lemma mono_move_steps:
  assumes "0 \<le> \<eta>" "0 \<le> r" "\<eta> * r \<le> 1" "\<eta> * z \<le> 1"
  shows "mono (sgd_step \<eta> r (- \<nu>))" "mono (sgd_step \<eta> z 0)" "mono (sgd_step \<eta> (- r) \<nu>)"
proof -
  have "\<eta> * - r \<le> 1"
    using mult_nonneg_nonneg[OF assms(1,2)] by simp
  then show "mono (sgd_step \<eta> r (- \<nu>))" "mono (sgd_step \<eta> z 0)" "mono (sgd_step \<eta> (- r) \<nu>)"
    using assms(3,4) by (simp_all only: mono_sgd_step)
qed

lemma mono_attract_shrink_repel:
  assumes "0 \<le> \<eta>" "0 \<le> r" "\<eta> * r \<le> 1" "\<eta> * z \<le> 1"
  shows "mono (attract_shrink_repel \<eta> r z \<nu> m w)"
proof (rule monoI)
  fix x y :: real
  assume "x \<le> y"
  then show "attract_shrink_repel \<eta> r z \<nu> m w x \<le> attract_shrink_repel \<eta> r z \<nu> m w y"
    unfolding attract_shrink_repel_def using mono_move_steps[OF assms] by (intro funpow_mono)
qed

lemma sgd_epoch_move_nth_ge:
  assumes p: "p permutes {0..<n}"
    and coeffs: "\<And>i. i < n \<Longrightarrow> A i j = move_curvature r z (mv i) \<and> B i j = move_shift \<nu> (mv i)"
    and step_size: "0 \<le> \<eta>" "0 \<le> r" "\<eta> * r \<le> 1" "\<eta> * z \<le> 1"
    and shrink_nonneg: "0 \<le> z * \<nu>"
    and balanced: "move_count n mv Repel = move_count n mv Attract"
  shows "attract_shrink_repel \<eta> r z \<nu> (move_count n mv Attract) (move_count n mv Shrink) (x $ j)
           \<le> sgd_epoch n (\<lambda>i. sep_quad_grad (A i) (B i)) \<eta> p x $ j"
proof -
  let ?u = "sgd_step \<eta> r (- \<nu>)" and ?s = "sgd_step \<eta> z 0" and ?d = "sgd_step \<eta> (- r) \<nu>"
  have "0 \<le> \<eta>\<^sup>2 * (z * \<nu>)"
    using mult_nonneg_nonneg[OF zero_le_power2 shrink_nonneg] .
  then have swap: "?s (?u y) \<le> ?u (?s y)" "?d (?s y) \<le> ?s (?d y)" "?d (?u y) \<le> ?u (?d y)" for y
    using sgd_step_swap[of \<eta> z 0 r "- \<nu>" y] sgd_step_swap[of \<eta> "- r" \<nu> z 0 y]
      sgd_step_swap[of \<eta> "- r" \<nu> r "- \<nu>" y]
    by (simp_all add: algebra_simps)
  have step: "sgd_step \<eta> (A i j) (B i j) = (case mv i of Attract \<Rightarrow> ?u | Shrink \<Rightarrow> ?s | Repel \<Rightarrow> ?d)"
    if "i \<in> set (map p [0..<n])" for i
  proof -
    have "i < n"
      using that permutes_image[OF p] by simp
    then show ?thesis using coeffs by (cases "mv i") auto
  qed
  have counts: "length (filter (\<lambda>i. mv i = M) (map p [0..<n])) = move_count n mv M" for M
    unfolding move_count_def by (rule length_filter_permutes[OF p])
  have "(?d ^^ length (filter (\<lambda>i. mv i = Repel) (map p [0..<n])))
          ((?s ^^ length (filter (\<lambda>i. mv i = Shrink) (map p [0..<n])))
            ((?u ^^ length (filter (\<lambda>i. mv i = Attract) (map p [0..<n]))) (x $ j)))
        \<le> foldl (\<lambda>t i. sgd_step \<eta> (A i j) (B i j) t) (x $ j) (map p [0..<n])"
    by (rule foldl_ge_sorted_moves[OF mono_move_steps[OF step_size] swap step])
  then show ?thesis
    unfolding sgd_epoch_sep_quad_nth attract_shrink_repel_def counts balanced .
qed
lemma funpow_space: "\<omega> \<in> space M \<Longrightarrow> (f ^^ k) \<omega> \<in> space M"
  using measurable_space[OF measurable_funpow] .

lemma distr_funpow: "distr M M (f ^^ k) = M"
proof (induction k)
  case (Suc k)
  have "distr M M (f ^^ Suc k) = distr (distr M M (f ^^ k)) M f"
    by (simp add: distr_distr measurable_map comp_def)
  then show ?case using Suc distr_map by (simp add: comp_def)
qed (simp add: id_def)

lemma integrable_funpow:
  fixes \<psi> :: "'a \<Rightarrow> real"
  assumes "integrable M \<psi>"
  shows "integrable M (\<lambda>\<omega>. \<psi> ((f ^^ k) \<omega>))"
  using integrable_distr_eq[OF measurable_funpow borel_measurable_integrable[OF assms]] assms
  by (simp add: distr_funpow)

lemma integral_funpow:
  fixes \<psi> :: "'a \<Rightarrow> real"
  assumes "\<psi> \<in> borel_measurable M"
  shows "(\<integral>\<omega>. \<psi> ((f ^^ k) \<omega>) \<partial>M) = integral\<^sup>L M \<psi>"
  using integral_distr[OF measurable_funpow assms] by (simp add: distr_funpow)

lemma measure_funpow_vimage:
  "A \<in> sets M \<Longrightarrow> measure M ((f ^^ k) -` A \<inter> space M) = measure M A"
  using measure_distr[OF measurable_funpow, of A k] by (simp add: distr_funpow)
definition circ_density :: "complex \<Rightarrow> complex \<Rightarrow> complex \<Rightarrow> real" where
  "circ_density \<phi>1 \<phi>2 z =
     1 / (2*pi) * (cmod (1 - \<phi>1 * cnj \<phi>2))^2 / (1 - (cmod (\<phi>1 * cnj \<phi>2))^2)
     * (1 - (cmod \<phi>1)^2) / (cmod (z - \<phi>1))^2
     * (1 - (cmod \<phi>2)^2) / (cmod (z - \<phi>2))^2"

end

theory Submission
  imports Defs "HOL-Complex_Analysis.Complex_Analysis"
begin

text \<open>On the unit circle \<open>|z - \<phi>|\<^sup>2 = (z - \<phi>)(1 - cnj \<phi> z) / z\<close>, so the density restricted to
  the circle is the rational function \<open>c z\<^sup>2 / (2\<pi> (z - \<phi>1)(1 - cnj \<phi>1 z)(z - \<phi>2)(1 - cnj \<phi>2 z))\<close>.
  Parametrising the circle by \<open>cis\<close> turns \<open>E(Z\<^sup>n)\<close> into the contour integral
  \<open>c/(2\<pi>i) \<ointegral> h(z) / ((z - \<phi>1)(z - \<phi>2)) dz\<close> with \<open>h(z) = z^(n+1) / ((1 - cnj \<phi>1 z)(1 - cnj \<phi>2 z))\<close>
  holomorphic on the closed disc. Cauchy's integral formula evaluates it as the divided difference
  \<open>c (h(\<phi>1) - h(\<phi>2)) / (\<phi>1 - \<phi>2)\<close>, or \<open>c h'(\<phi>1)\<close> when the two poles coincide.\<close>

lemma of_real_cmod_squared: "(complex_of_real (cmod z))\<^sup>2 = z * cnj z"
  using complex_norm_square[of z] by simp

lemma norm_mult_less_one:
  fixes a b :: "'a :: real_normed_algebra"
  assumes "norm a < 1" and "norm b < 1"
  shows "norm (a * b) < 1"
proof -
  have "norm a * norm b < 1"
    using assms by (metis mult_strict_mono' norm_ge_zero mult_1_right)
  then show ?thesis
    using norm_mult_ineq[of a b] by linarith
qed

lemma one_minus_cnj_mult_nonzero:
  fixes a z :: complex
  assumes "cmod a < 1" and "cmod z \<le> 1"
  shows "1 - cnj a * z \<noteq> 0"
proof
  assume "1 - cnj a * z = 0"
  then have "cmod a * cmod z = 1"
    by (metis complex_mod_cnj eq_iff_diff_eq_0 norm_mult norm_one)
  moreover have "cmod a * cmod z \<le> cmod a"
    using assms(2) by (simp add: mult_left_le)
  ultimately show False
    using assms(1) by simp
qed

lemma cmod_diff_squared_on_unit_circle:
  fixes a z :: complex
  assumes "cmod z = 1"
  shows "of_real ((cmod (z - a))\<^sup>2) * z = (z - a) * (1 - cnj a * z)"
proof -
  have "cnj z * z = 1"
    using complex_norm_square[of z] assms by (simp add: mult.commute)
  moreover have "of_real ((cmod (z - a))\<^sup>2) * z = (z - a) * (cnj z * z - cnj a * z)"
    by (simp only: complex_norm_square) (simp add: algebra_simps)
  ultimately show ?thesis
    by simp
qed

lemma circ_density_nonneg:
  fixes \<phi>1 \<phi>2 z :: complex
  assumes "cmod \<phi>1 < 1" and "cmod \<phi>2 < 1"
  shows "circ_density \<phi>1 \<phi>2 z \<ge> 0"
proof -
  have "cmod (\<phi>1 * cnj \<phi>2) < 1"
    using assms by (intro norm_mult_less_one) simp_all
  then show ?thesis
    unfolding circ_density_def using assms
    by (intro mult_nonneg_nonneg divide_nonneg_nonneg) (simp_all add: abs_square_le_1 less_imp_le)
qed

lemma borel_measurable_circ_density: "circ_density \<phi>1 \<phi>2 \<in> borel_measurable borel"
  unfolding circ_density_def[abs_def] by measurable

text \<open>The constant \<open>c\<close>: \<open>2\<pi>\<close> times the constant factor of \<open>circ_density\<close>, with every
  \<open>|w|\<^sup>2\<close> written as \<open>w * cnj w\<close>.\<close>
definition circ_normalizer :: "complex \<Rightarrow> complex \<Rightarrow> complex" where
  "circ_normalizer \<phi>1 \<phi>2 =
    (1 - cnj \<phi>1 * \<phi>1) * (1 - cnj \<phi>2 * \<phi>2) * (1 - \<phi>1 * cnj \<phi>2) * (1 - cnj \<phi>1 * \<phi>2)
      / (1 - \<phi>1 * cnj \<phi>1 * (\<phi>2 * cnj \<phi>2))"

lemma circ_normalizer_denominator_nonzero:
  fixes \<phi>1 \<phi>2 :: complex
  assumes "cmod \<phi>1 < 1" and "cmod \<phi>2 < 1"
  shows "1 - \<phi>1 * cnj \<phi>1 * (\<phi>2 * cnj \<phi>2) \<noteq> 0"
proof -
  have "cmod (cnj \<phi>1 * \<phi>2) < 1"
    using assms by (intro norm_mult_less_one) simp_all
  then have "1 - cnj (cnj \<phi>1 * \<phi>2) * (cnj \<phi>1 * \<phi>2) \<noteq> 0"
    by (intro one_minus_cnj_mult_nonzero) simp_all
  then show ?thesis
    by (simp add: mult_ac)
qed

lemma circ_density_on_unit_circle:
  fixes \<phi>1 \<phi>2 z :: complex
  assumes "cmod \<phi>1 < 1" and "cmod \<phi>2 < 1" and "cmod z = 1"
  shows "of_real (circ_density \<phi>1 \<phi>2 z) = circ_normalizer \<phi>1 \<phi>2 / (2 * pi)
    * z\<^sup>2 / ((z - \<phi>1) * (1 - cnj \<phi>1 * z) * ((z - \<phi>2) * (1 - cnj \<phi>2 * z)))"
    (is "_ = ?rhs")
proof -
  have z0: "z \<noteq> 0"
    using assms(3) by auto
  have dist: "(complex_of_real (cmod (z - \<phi>)))\<^sup>2 = (z - \<phi>) * (1 - cnj \<phi> * z) / z" for \<phi>
    using cmod_diff_squared_on_unit_circle[OF assms(3), of \<phi>] z0 by (simp add: field_simps)
  have nonzero: "z - \<phi>1 \<noteq> 0" "z - \<phi>2 \<noteq> 0" "1 - cnj \<phi>1 * z \<noteq> 0" "1 - cnj \<phi>2 * z \<noteq> 0"
    using assms one_minus_cnj_mult_nonzero by auto
  have "of_real (circ_density \<phi>1 \<phi>2 z) =
      1 / (2 * pi) * (1 - \<phi>1 * cnj \<phi>2) * (1 - cnj \<phi>1 * \<phi>2) / (1 - \<phi>1 * cnj \<phi>1 * (\<phi>2 * cnj \<phi>2))
      * (1 - cnj \<phi>1 * \<phi>1) / ((z - \<phi>1) * (1 - cnj \<phi>1 * z) / z)
      * (1 - cnj \<phi>2 * \<phi>2) / ((z - \<phi>2) * (1 - cnj \<phi>2 * z) / z)"
    unfolding circ_density_def of_real_mult of_real_divide of_real_diff of_real_1 of_real_power dist
    unfolding of_real_cmod_squared by (simp add: mult_ac)
  also have "\<dots> = ?rhs"
  proof -
    \<comment> \<open>Stated over fresh variables so that \<open>field_simps\<close> does not multiply out the factors.\<close>
    have "1 / (2 * pi) * A1 * A2 / B * P1 / (D1 / z) * P2 / (D2 / z) = P1 * P2 * A1 * A2 / B / (2 * pi) * z\<^sup>2 / (D1 * D2)"
      if "D1 \<noteq> 0" "D2 \<noteq> 0" for A1 A2 B P1 P2 D1 D2 :: complex
      using that z0 by (simp add: field_simps power2_eq_square)
    then show ?thesis
      unfolding circ_normalizer_def by this (use nonzero in auto)
  qed
  finally show ?thesis .
qed

lemma has_integral_cis_of_contour_integral:
  fixes g :: "complex \<Rightarrow> complex"
  assumes "(g has_contour_integral I) (circlepath 0 1)"
  shows "((\<lambda>t. \<i> * cis t * g (cis t)) has_integral I) {0..2*pi}"
proof -
  have "((\<lambda>u. 2 * pi * (\<i> * cis (2*pi*u) * g (cis (2*pi*u)))) has_integral I) (cbox 0 1)"
    unfolding cbox_interval
  proof (rule has_integral_eq[OF _ assms[unfolded has_contour_integral_def]])
    fix u :: real
    assume "u \<in> {0..1}"
    then show "g (circlepath 0 1 u) * vector_derivative (circlepath 0 1) (at u within {0..1}) =
        2 * pi * (\<i> * cis (2*pi*u) * g (cis (2*pi*u)))"
      by (subst vector_derivative_circlepath01) (auto simp: circlepath cis_conv_exp mult_ac)
  qed
  then have "((\<lambda>t. 2 * pi * (\<i> * cis (2*pi*((1/(2*pi)) *\<^sub>R t + 0)) * g (cis (2*pi*((1/(2*pi)) *\<^sub>R t + 0)))))
      has_integral I /\<^sub>R (1/(2*pi)) ^ DIM(real)) (cbox ((0 - 0) /\<^sub>R (1/(2*pi))) ((1 - 0) /\<^sub>R (1/(2*pi))))"
    by (rule has_integral_affinity') simp
  then have "((\<lambda>t. 2 * pi * (\<i> * cis t * g (cis t))) has_integral 2 * pi * I) {0..2*pi}"
    by (simp add: cbox_interval scaleR_conv_of_real)
  then have "((\<lambda>t. 1 / (2*pi) * (2 * pi * (\<i> * cis t * g (cis t)))) has_integral 1 / (2*pi) * (2 * pi * I)) {0..2*pi}"
    by (rule has_integral_mult_right)
  then show ?thesis
    by simp
qed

******************************

About this exercise
Reproduce only the lines above spanning from the line containing "unfolding attract_shrink_repel_def using" through the line containing "Shrink) (x $ j)", word for word.

Written reply
    unfolding attract_shrink_repel_def using mono_move_steps[OF assms] by (intro funpow_mono)
qed

lemma sgd_epoch_move_nth_ge:
  assumes p: "p permutes {0..<n}"
    and coeffs: "\<And>i. i < n \<Longrightarrow> A i j = move_curvature r z (mv i) \<and> B i j = move_shift \<nu> (mv i)"
    and step_size: "0 \<le> \<eta>" "0 \<le> r" "\<eta> * r \<le> 1" "\<eta> * z \<le> 1"
    and shrink_nonneg: "0 \<le> z * \<nu>"
    and balanced: "move_count n mv Repel = move_count n mv Attract"
  shows "attract_shrink_repel \<eta> r z \<nu> (move_count n mv Attract) (move_count n mv Shrink) (x $ j)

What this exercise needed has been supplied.